Оптимизация терапии в большей степени была бы возможна при наличии высокоочищенных аллергенов. Определенные коктейли из природных аллергенов способны заменить ранее известные экстракты, так как последние, кроме различных аллергенов, содержат относительно большое количество иммуногенных, но неаллергенных сопутствующих протеинов, в которых при специфической иммунотерапии нет необходимости. Применение аллергеновых коктейлей также позволяет получать пациент-специфические смеси аллергенов, соответствующие спектру сенситизации. Реальные перспективы, которые могут привести к безопасной гипосенситизации при помощи природных аллергенов высокой частоты, предлагаются при помощи модифицированных аллергенов, в которых IgE эпитопы разрушены при помощи необратимой модификации вторичной и третичной структуры без ослабления Т-клеточных эпитопов, которые имеют значение для терапии.

Подобным образом изобретение может найти применение при диагностике in-vitro и in-vivo аллергических заболеваний, особенно сенной лихорадки. Для этого очищенные группы аллергенов применяют по традиционным способам (WO 98/53321) для определения IgE антител.
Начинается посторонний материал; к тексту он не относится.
text \<open>
  The injectivity hypothesis only quantifies over test comodules inside \<open>nat \<Rightarrow> 'k\<close>; an
  extension problem is moved there along a linear embedding \<open>T\<close> with left inverse \<open>S\<close>.
\<close>

lemma injective_comodule_extend_embedded:
  fixes T :: "'a::ab_group_add \<Rightarrow> nat \<Rightarrow> 'k::field"
  assumes inj: "injective_comodule sc V \<sigma>"
    and P: "is_comodule sc1 P \<rho>" and N: "is_comodule sc1 N \<rho>" and "N \<subseteq> P"
    and inv: "\<And>a. a \<in> P \<Longrightarrow> S (T a) = a"
    and add: "\<And>a b. a \<in> P \<Longrightarrow> b \<in> P \<Longrightarrow> T (a + b) = T a + T b"
    and scale: "\<And>c a. a \<in> P \<Longrightarrow> T (sc1 c a) = pscale c (T a)"
    and g: "comod_hom sc1 N \<rho> sc V \<sigma> g"
  obtains h where "comod_hom sc1 P \<rho> sc V \<sigma> h" "\<forall>n\<in>N. h n = g n"
proof -
  let ?\<tau> = "\<lambda>w p. T (\<rho> (S w) p)"
  have invN: "\<And>a. a \<in> N \<Longrightarrow> S (T a) = a"
    and addN: "\<And>a b. a \<in> N \<Longrightarrow> b \<in> N \<Longrightarrow> T (a + b) = T a + T b"
    and scaleN: "\<And>c a. a \<in> N \<Longrightarrow> T (sc1 c a) = pscale c (T a)"
    using inv add scale \<open>N \<subseteq> P\<close> by (simp_all add: subset_iff)
  have "comod_hom pscale (T ` N) ?\<tau> pscale (T ` P) ?\<tau> id"
    using \<open>N \<subseteq> P\<close> unfolding comod_hom_def by auto
  then have "\<exists>h'. comod_hom pscale (T ` P) ?\<tau> sc V \<sigma> h' \<and> (\<forall>w\<in>T ` N. h' (id w) = (g \<circ> S) w)"
    using comodule_transport[OF P inv add scale] comodule_transport[OF N invN addN scaleN]
      comod_hom_transport_inv[OF g N invN addN scaleN]
    by (intro inj[unfolded injective_comodule_def, rule_format] conjI) (simp_all add: id_def comp_def)
  then obtain h' where h': "comod_hom pscale (T ` P) ?\<tau> sc V \<sigma> h'"
    and ext: "\<forall>w\<in>T ` N. h' w = (g \<circ> S) w"
    by auto
  show thesis
  proof
    show "comod_hom sc1 P \<rho> sc V \<sigma> (h' \<circ> T)"
      by (rule comod_hom_transport[OF h' inv add scale])
    show "\<forall>n\<in>N. (h' \<circ> T) n = g n"
      using ext invN by simp
  qed
qed

lemma injective_comodule_extend_Ex_on_finite:
  fixes x :: "'x::preorder" and sc :: "'k::field \<Rightarrow> 'm::ab_group_add \<Rightarrow> 'm"
  assumes locfin: "\<forall>a b :: 'x. finite {a..b}" and inj: "injective_comodule sc V \<sigma>"
    and "finite F" "down_closed_above x F" "down_closed_above x G" "G \<subseteq> F"
    and \<psi>: "comod_hom pscale (Ex_on x G) inc_coact sc V \<sigma> \<psi>"
  obtains h where "comod_hom pscale (Ex_on x F) inc_coact sc V \<sigma> h" "\<forall>v\<in>Ex_on x G. h v = \<psi> v"
proof -
  obtain enc :: "'x \<Rightarrow> nat" where enc: "inj_on enc F"
    using finite_imp_inj_to_nat_seg[OF \<open>finite F\<close>] by blast
  define T :: "('x \<times> 'x \<Rightarrow> 'k) \<Rightarrow> nat \<Rightarrow> 'k"
    where "T v = (\<lambda>i. if i \<in> enc ` F then v (x, inv_into F enc i) else 0)" for v
  define S :: "(nat \<Rightarrow> 'k) \<Rightarrow> 'x \<times> 'x \<Rightarrow> 'k"
    where "S w = (\<lambda>(p, q). if p = x \<and> q \<in> F then w (enc q) else 0)" for w
  have "S (T v) = v" if "v \<in> Ex_on x F" for v
    using enc Ex_onD[OF that] by (fastforce simp: S_def T_def fun_eq_iff)
  moreover have "T (v + w) = T v + T w" "T (pscale c v) = pscale c (T v)" for v w c
    by (auto simp: T_def pscale_def)
  ultimately show thesis
    using injective_comodule_extend_embedded[OF inj Ex_on_comodule[OF locfin \<open>down_closed_above x F\<close>]
        Ex_on_comodule[OF locfin \<open>down_closed_above x G\<close>] Ex_on_mono[OF \<open>G \<subseteq> F\<close>], of S T, OF _ _ _ \<psi>]
      that by blast
qed

lemma comod_hom_Ex_on_eq_id:
  fixes x :: "'x::preorder"
  assumes f: "comod_hom pscale (Ex_on x D) inc_coact pscale (Ex x) inc_coact f"
    and "x \<in> D" and one: "f (basis_vec x x) (x, x) = (1::'k::field)" and v: "v \<in> Ex_on x D"
  shows "f v = v"
proof
  fix pq :: "'x \<times> 'x"
  obtain p q where pq: "pq = (p, q)" by force
  have fv: "f v \<in> Ex_on x UNIV"
    using comod_hom_closed[OF f v] by (simp add: Ex_eq_Ex_on_UNIV)
  show "f v pq = v pq"
  proof (cases "p = x \<and> x \<le> q")
    case False
    then have "f v (p, q) = 0" "v (p, q) = 0"
      using Ex_onD[OF fv, of p q] Ex_onD[OF v, of p q] by blast+
    then show ?thesis using pq by simp
  next
    case True
    \<comment> \<open>the coaction moves the coefficient at (x,q) onto the diagonal entry (x,x)\<close>
    have col: "inc_coact v (x, q) = pscale (v (x, q)) (basis_vec x x)"
    proof
      fix rz :: "'x \<times> 'x"
      obtain r z where rz: "rz = (r, z)" by force
      show "inc_coact v (x, q) rz = pscale (v (x, q)) (basis_vec x x) rz"
        using True Ex_onD[OF v, of r q] unfolding rz
        by (auto simp: inc_coact_apply pscale_def basis_vec_def)
    qed
    have "f v (x, q) = inc_coact (f v) (x, q) (x, x)"
      using True by (simp add: inc_coact_apply)
    also have "\<dots> = f (pscale (v (x, q)) (basis_vec x x)) (x, x)"
      by (simp add: comod_hom_coact[OF f v] col)
    also have "\<dots> = v (x, q)"
      using comod_hom_scale[OF f basis_vec_in_Ex_on[OF order_refl \<open>x \<in> D\<close>]] one
      by (simp add: pscale_def)
    finally show ?thesis using pq True by simp
  qed
qed

definition restrict_cols :: "'x set \<Rightarrow> ('x \<times> 'x \<Rightarrow> 'k::zero) \<Rightarrow> 'x \<times> 'x \<Rightarrow> 'k" where
  "restrict_cols E v = (\<lambda>(p, q). if q \<in> E then v (p, q) else 0)"

lemma restrict_cols_Ex_on:
  assumes "v \<in> Ex_on x D" shows "restrict_cols E v \<in> Ex_on x (D \<inter> E)"
proof -
  have "{p. restrict_cols E v p \<noteq> 0} \<subseteq> {p. v p \<noteq> 0}"
    by (auto simp: restrict_cols_def split: if_splits)
  then show ?thesis
    using assms unfolding Ex_on_def by (auto simp: restrict_cols_def intro: finite_subset)
qed

lemma restrict_cols_add: "restrict_cols E (v + w) = restrict_cols E v + restrict_cols E (w :: _ \<Rightarrow> 'k::monoid_add)"
  by (auto simp: fun_eq_iff restrict_cols_def)

lemma restrict_cols_scale: "restrict_cols E (pscale c v) = pscale c (restrict_cols E v)"
  by (auto simp: fun_eq_iff restrict_cols_def pscale_def)

lemma restrict_cols_Compl_add: "restrict_cols E v + restrict_cols (- E) v = (v :: _ \<Rightarrow> 'k::monoid_add)"
  by (auto simp: fun_eq_iff restrict_cols_def)

lemma restrict_cols_id: "v \<in> Ex_on x D \<Longrightarrow> D \<subseteq> E \<Longrightarrow> restrict_cols E v = v"
  by (auto simp: fun_eq_iff restrict_cols_def dest: Ex_onD)

lemma restrict_cols_zero: "v \<in> Ex_on x D \<Longrightarrow> D \<inter> E = {} \<Longrightarrow> restrict_cols E v = 0"
  by (auto simp: fun_eq_iff restrict_cols_def dest: Ex_onD)

definition glue :: "'x set \<Rightarrow> (('x \<times> 'x \<Rightarrow> 'k::zero) \<Rightarrow> 'm::plus) \<Rightarrow> (('x \<times> 'x \<Rightarrow> 'k) \<Rightarrow> 'm) \<Rightarrow> ('x \<times> 'x \<Rightarrow> 'k) \<Rightarrow> 'm" where
  "glue D \<psi> h v = \<psi> (restrict_cols D v) + h (restrict_cols (- D) v)"

lemma glue_eq_left:
  fixes h :: "('x::preorder \<times> 'x \<Rightarrow> 'k::zero) \<Rightarrow> 'm::monoid_add"
  assumes "v \<in> Ex_on x D" "h 0 = 0"
  shows "glue D \<psi> h v = \<psi> v"
  using restrict_cols_id[OF assms(1) order_refl] restrict_cols_zero[OF assms(1), of "- D"] assms(2)
  by (simp add: glue_def)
Изобретение относится к способу биохимической очистки, которая ведет к выделению 4 основных аллергенов и одного второстепенного аллергена из водных кратковременных экстрактов пыльцы при помощи эффективной трехстадийной очистки. Применяемое природное сырье представляет собой пыльцу Graminae, таких как, например, среди прочих Phleum pratense, Lolium perenne, Dactylis glomerata, Poa pratensis, Cynodon dactylon, Holcus lanatus. Фиг.1 показывает схему очистки 5 упомянутых аллергенов из экстрактов травяной пыльцы. Названия аллергенов Phi p 1 до Phi p 13 соответствуют названиям аллергенов 1 до 13, также использованным в тексте.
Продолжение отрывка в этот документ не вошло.